Katie Price is right. Disabled people shouldn’t be forced off the internet by abuse
From: The Guardian
If the social media giants can’t cope with the sheer volume of spite, then it’s down to parliament to protect minority groups
What sort of person repeatedly picks on a disabled child in the most vicious and cruel of terms?
The answer, of course, is the sort of people the model Katie Price had in mind when she started campaigning for online abuse to become a specific criminal offence. Price’s 15-year-old son Harvey – who is blind, autistic and has Prader-Willi syndrome – has been hideously mocked and taunted. His mother quickly gathered more than 220,000 supportive signatures for a petition demanding online abuse be treated as a hate crime, and now the parliamentary petitions committee has accepted her argument that the law isn’t fit for purpose – or to be precise a part of that argument. (Price’s petition referred not just to disability but to homophobia, racism and even body-shaming of women; the MPs were careful to single out disability alone, arguing in their report that they didn’t want to cut across the work of others on the rest.)
Despite sympathetic noises from Downing Street, this is perhaps unlikely to become law any time soon. Even if the government could somehow tear itself away from Brexit, there are too many difficult questions here about the limits of free speech and the unwritten right to cause offence.
But Price is right to challenge the Pandora’s box that social media companies have so carelessly (and profitably) opened, by creating platforms on which anyone can say anything to anyone with relative impunity. If not this, then what exactly are they going to do to cap the fountain of poison?
Platforms did not somehow invent prejudice, obviously. Every cruel, repellent attitude now up in lights on Twitter or Facebook was there before, festering in private conversations or lurking in the minds of those too embarrassed to say it to someone’s face. The need to tackle this deeper culture is reflected in the committee’s more general suggestion that images of disabled people should be routinely included in, for example, government advertising.
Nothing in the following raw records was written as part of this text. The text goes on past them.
(* Let $m_1,m_2\ge3$ be coprime integers, let $n\ge1$ be divisible by $m_1$, and let $Q\in C(n,m_1,m_2)$. 1) If $Ch_1(Q)\ne0$, then $Ch_2(Q)=0$. 2) If $Ch_1(Q)\ne0$ and $Ch_3(Q)\ne0$, then $m_1=3$ and $Ch_4(Q)=0$. 3) If $Ch_1(Q)\ne0$, $Ch_3(Q)\ne0$ and $Ch_5(Q)\ne0$, then $m_1=3$ and $m_2=4$.
   Context: $T_k$ denotes the Chebyshev polynomial of the first kind of degree $k$, $T_k(\cos\phi)=\cos(k\phi)$. Every real polynomial $Q$ of degree $n$ can be uniquely written as $Q=\sum_{k=0}^n d_kT_k$ with $d_k\in\mathbb{R}$; set $Ch_i(Q)=d_{n-i}$ for $0\le i\le n$. $C(n,m_1,m_2)$ denotes the set of real polynomials $Q=\sum_{k=0}^n d_kT_k$ with $d_n\ne0$ and such that $d_k=0$ unless $k$ is divisible by $m_1$ or by $m_2$. *)

theory Defs
  imports "HOL-Computational_Algebra.Polynomial" Complex_Main
begin

fun cheb :: "nat \<Rightarrow> real poly" where
  "cheb 0 = 1"
| "cheb (Suc 0) = [:0, 1:]"
| "cheb (Suc (Suc n)) = [:0, 2:] * cheb (Suc n) - cheb n"

definition cheb_coeffs :: "real poly \<Rightarrow> nat \<Rightarrow> real" where
  "cheb_coeffs Q = (THE d. (\<forall>k>degree Q. d k = 0) \<and>
       Q = (\<Sum>k\<le>degree Q. smult (d k) (cheb k)))"

text \<open>Ch_i(Q) = d_{n-i} for 0 <= i <= n = deg Q; set to 0 for i > n (i.e. d_{n-i} with
  d_j = 0 for negative j).\<close>
definition Ch :: "nat \<Rightarrow> real poly \<Rightarrow> real" where
  "Ch i Q = (if i \<le> degree Q then cheb_coeffs Q (degree Q - i) else 0)"

definition C_set :: "nat \<Rightarrow> nat \<Rightarrow> nat \<Rightarrow> real poly set" where
  "C_set n m1 m2 = {Q. degree Q = n \<and> cheb_coeffs Q n \<noteq> 0 \<and>
       (\<forall>k\<le>n. cheb_coeffs Q k \<noteq> 0 \<longrightarrow> m1 dvd k \<or> m2 dvd k)}"

end

theory Submission
  imports Defs
begin

(* For Q in C(n,m1,m2) with deg Q = n, a nonzero Ch_i(Q) = d_{n-i} forces
   m1 | n-i or m2 | n-i; since m1 | n, this reads  m1 | i  or  m2 | n-i.
   As m1 >= 3 does not divide 1, Ch_1(Q) <> 0 gives m2 | n-1, and subtracting,
   every further nonzero Ch_i(Q) (i >= 1) satisfies  m1 | i  or  m2 | i-1.
   The three claims are then small case distinctions on i = 2,3,4,5:
   i = 2 is excluded since m1, m2 >= 3; i = 3 forces m1 = 3; then i = 4 would force
   m2 = 3, contradicting coprimality; and i = 5 forces m2 | 4, i.e. m2 = 4.
   The file first proves the index condition for a single nonzero coefficient,
   then its refinement relative to Ch_1, and derives the theorem from it. *)

lemma Ch_nonzero_index:
  assumes Q: "Q \<in> C_set n m1 m2" and "m1 dvd n" and nz: "Ch i Q \<noteq> 0"
  shows "i \<le> n \<and> (m1 dvd i \<or> m2 dvd n - i)"
proof -
  have deg: "degree Q = n" using Q by (simp add: C_set_def)
  have "i \<le> n" and coeff: "cheb_coeffs Q (n - i) \<noteq> 0"
    using nz deg by (simp_all add: Ch_def split: if_splits)
  then have "m1 dvd n - i \<or> m2 dvd n - i" using Q by (auto simp: C_set_def)
  moreover have "m1 dvd n - i \<longleftrightarrow> m1 dvd i"
    using \<open>m1 dvd n\<close> \<open>i \<le> n\<close> by (metis dvd_diff_nat diff_diff_cancel)
  ultimately show ?thesis using \<open>i \<le> n\<close> by blast
qed

lemma Ch_nonzero_index_after_first:
  assumes Q: "Q \<in> C_set n m1 m2" and "m1 dvd n" and "m1 \<noteq> 1"
    and first: "Ch 1 Q \<noteq> 0" and nz: "Ch i Q \<noteq> 0" and "i \<ge> 1"
  shows "m1 dvd i \<or> m2 dvd i - 1"
proof -
  have "m2 dvd n - 1" using Ch_nonzero_index[OF Q \<open>m1 dvd n\<close> first] \<open>m1 \<noteq> 1\<close> by auto
  moreover have "i \<le> n" and "m1 dvd i \<or> m2 dvd n - i"
    using Ch_nonzero_index[OF Q \<open>m1 dvd n\<close> nz] by auto
  moreover have "(n - 1) - (n - i) = i - 1" using \<open>i \<le> n\<close> \<open>i \<ge> 1\<close> by simp
  ultimately show ?thesis by (metis dvd_diff_nat)
qed

theorem lemma3p3:
  fixes m1 m2 n :: nat and Q :: "real poly"
  assumes "m1 \<ge> 3" and "m2 \<ge> 3" and "coprime m1 m2"
    and "n \<ge> 1" and "m1 dvd n"
    and "Q \<in> C_set n m1 m2"
  shows "(Ch 1 Q \<noteq> 0 \<longrightarrow> Ch 2 Q = 0)
       \<and> (Ch 1 Q \<noteq> 0 \<and> Ch 3 Q \<noteq> 0 \<longrightarrow> m1 = 3 \<and> Ch 4 Q = 0)
       \<and> (Ch 1 Q \<noteq> 0 \<and> Ch 3 Q \<noteq> 0 \<and> Ch 5 Q \<noteq> 0 \<longrightarrow> m1 = 3 \<and> m2 = 4)"
proof -
  have index: "m1 dvd i \<or> m2 dvd i - 1"
    if "Ch 1 Q \<noteq> 0" "Ch i Q \<noteq> 0" "i \<ge> 1" for i
    using Ch_nonzero_index_after_first[OF assms(6,5) _ that] assms(1) by simp
  have small: "\<not> m dvd k" if "m \<ge> 3" "0 < k" "k < 3" for m k :: nat
    using that by (auto dest: dvd_imp_le)
  have claim1: "Ch 2 Q = 0" if "Ch 1 Q \<noteq> 0"
    using index[OF that, of 2] small[OF assms(1), of 2] small[OF assms(2), of 1] by auto
  have m1_eq_3: "m1 = 3" if "Ch 1 Q \<noteq> 0" "Ch 3 Q \<noteq> 0"
    using index[OF that] small[OF assms(2), of 2] assms(1) by (auto dest: dvd_imp_le)
  have claim2: "Ch 4 Q = 0" if "Ch 1 Q \<noteq> 0" "Ch 3 Q \<noteq> 0"
  proof (rule ccontr)
    assume "Ch 4 Q \<noteq> 0"
    then have "m2 dvd 3" using index[OF that(1)] m1_eq_3[OF that] by fastforce
    then have "m2 = 3" using assms(2) by (auto dest: dvd_imp_le)
    then show False using assms(3) m1_eq_3[OF that] by simp
  qed
  have m2_eq_4: "m2 = 4" if "Ch 1 Q \<noteq> 0" "Ch 3 Q \<noteq> 0" "Ch 5 Q \<noteq> 0"
  proof -
    have "m2 dvd 4" using index[OF that(1,3)] m1_eq_3[OF that(1,2)] by simp
    then have "m2 \<le> 4" "m2 \<noteq> 3" by (auto dest: dvd_imp_le)
    then show ?thesis using assms(2) by simp
  qed
  show ?thesis using claim1 claim2 m1_eq_3 m2_eq_4 by blast
qed

end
But by ensuring that what was previously muttered behind someone’s back can be thrust into their faces by strangers, social media companies have inadvertently weaponised prejudice. More than that, they have normalised it. Bullies see what others get away with saying in public, and are emboldened. And eventually the bullied slink away, deciding it’s just not worth trying to join in. To force disabled people who may already be housebound, isolated or lonely out of one of the few spaces in which they can easily engage with others on equal terms (not to mention a useful campaigning tool) feels particularly outrageous. Those who champion free speech at any price are all too often those who won’t have to pay that price themselves, because they don’t fall into the minority groups that are disproportionately on the sharp end.
But if the committee is right to say that self-regulation has failed, replacing it with something else is not easy. Should repeat offenders be banned from opening social media accounts, and if so should teenagers be treated differently from grown adults? What about trolls who turn out to have mental health issues themselves? How would you reduce vexatious complaints, in the kind of emotive Twitter spats that leave both sides claiming they have been victimised? These are all fair questions.
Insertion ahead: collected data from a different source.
(* Let $A$ and $B$ be isoclinic finite groups. If $A$ is weakly-top, then $B$ is weakly-top. If $A$ is top, then $B$ is top.
   Context: For a group $H$, $H'$ denotes its commutator subgroup and $Z(H)$ its center. A finite group $G$ is weakly-top if $|H/H'| \leq |G/G'|$ for every proper subgroup $H<G$, and top if $|H/H'| < |G/G'|$ for every proper subgroup $H<G$. In every group $G$ the commutator map induces a well-defined surjective map $\theta_G : G/Z(G) \times G/Z(G) \to G'$, $(xZ(G),yZ(G)) \mapsto [x,y]=x^{-1}y^{-1}xy$. Two groups $A$ and $B$ are isoclinic (in the sense of P. Hall) if there exist isomorphisms $\phi : A' \to B'$ and $\psi : A/Z(A) \to B/Z(B)$ such that $\phi(\theta_A(u,v)) = \theta_B(\psi(u),\psi(v))$ for all $u,v \in A/Z(A)$. *)

theory Defs
  imports "HOL-Algebra.Algebra"
begin

definition comm :: "('a, 'b) monoid_scheme \<Rightarrow> 'a \<Rightarrow> 'a \<Rightarrow> 'a" where
  "comm G x y = inv\<^bsub>G\<^esub> x \<otimes>\<^bsub>G\<^esub> inv\<^bsub>G\<^esub> y \<otimes>\<^bsub>G\<^esub> x \<otimes>\<^bsub>G\<^esub> y"

definition commutator_subgroup :: "('a, 'b) monoid_scheme \<Rightarrow> 'a set" where
  "commutator_subgroup G = derived G (carrier G)"

definition center :: "('a, 'b) monoid_scheme \<Rightarrow> 'a set" where
  "center G = {z \<in> carrier G. \<forall>x \<in> carrier G. z \<otimes>\<^bsub>G\<^esub> x = x \<otimes>\<^bsub>G\<^esub> z}"

definition abel_order :: "('a, 'b) monoid_scheme \<Rightarrow> nat" where
  "abel_order G = card (carrier (G Mod commutator_subgroup G))"

text \<open>The commutator map theta_G : G/Z(G) x G/Z(G) -> G', via representatives.\<close>
definition theta :: "('a, 'b) monoid_scheme \<Rightarrow> 'a set \<Rightarrow> 'a set \<Rightarrow> 'a" where
  "theta G u v = comm G (SOME x. x \<in> u) (SOME y. y \<in> v)"

definition weakly_top :: "('a, 'b) monoid_scheme \<Rightarrow> bool" where
  "weakly_top G \<longleftrightarrow> (\<forall>H. subgroup H G \<and> H \<noteq> carrier G \<longrightarrow>
      abel_order (G\<lparr>carrier := H\<rparr>) \<le> abel_order G)"

definition top_group :: "('a, 'b) monoid_scheme \<Rightarrow> bool" where
  "top_group G \<longleftrightarrow> (\<forall>H. subgroup H G \<and> H \<noteq> carrier G \<longrightarrow>
      abel_order (G\<lparr>carrier := H\<rparr>) < abel_order G)"

definition isoclinic :: "('a, 'c) monoid_scheme \<Rightarrow> ('b, 'd) monoid_scheme \<Rightarrow> bool" where
  "isoclinic A B \<longleftrightarrow> (\<exists>\<phi> \<psi>.
      \<phi> \<in> iso (A\<lparr>carrier := commutator_subgroup A\<rparr>) (B\<lparr>carrier := commutator_subgroup B\<rparr>) \<and>
      \<psi> \<in> iso (A Mod center A) (B Mod center B) \<and>
      (\<forall>u \<in> carrier (A Mod center A). \<forall>v \<in> carrier (A Mod center A).
          \<phi> (theta A u v) = theta B (\<psi> u) (\<psi> v)))"

end

(*
  Let (phi, psi) be an isoclinism from A to B and H a subgroup of B. Pull H back to the
  subgroup K of A with K/Z(A) = psi^-1(HZ(B)/Z(B)). Commutators only depend on cosets of the
  centre, so phi maps the derived set of K onto that of H, and hence |K'| = |H'|. Counting
  cosets of the centres gives |H| <= |Z(B)| |K/Z(A)| and |K| = |Z(A)| |K/Z(A)|, whence
  |H/H'| |Z(A)| <= |K/K'| |Z(B)|. The same count for the whole groups is an equality,
  |B/B'| |Z(A)| = |A/A'| |Z(B)|, so the (strict) inequality |K/K'| <= |A/A'| for proper K
  transfers to H. If instead K = A, then H' = B' and |H/H'| < |B/B'| because H is proper.
*)
theory Submission
  imports Defs
begin

lemma center_commute:
  fixes G (structure)
  assumes "z \<in> center G" "a \<in> carrier G"
  shows "z \<otimes> a = a \<otimes> z"
  using assms by (simp add: center_def)

lemma inv_mult_center_mult:
  fixes G (structure)
  assumes "group G" "z \<in> center G" "a \<in> carrier G"
  shows "inv z \<otimes> a \<otimes> z = a"
proof -
  interpret group G by fact
  have z: "z \<in> carrier G" using assms(2) by (simp add: center_def)
  have "inv z \<otimes> a \<otimes> z = inv z \<otimes> (z \<otimes> a)"
    using z assms(3) by (simp add: m_assoc center_commute[OF assms(2,3)])
  also have "\<dots> = a"
    using z assms(3) by (simp add: m_assoc[symmetric])
  finally show ?thesis .
qed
But it’s unfair to expect distressed parents to create oven-ready legislation; that’s where parliament is supposed to come in, refining ideas that well up from the public into something that works in practice. It’s clear from their rather feeble, clumsy efforts to enforce some belated rules of engagement that the big social media companies can’t realistically cope with the sheer volume of spite they attract. And as the petitions committee’s chair, Helen Jones, said, it is intolerable for disabled people to be driven off platforms by dumb prejudice while their victorious abusers are free to stay and pick their next victim. If not this, then what?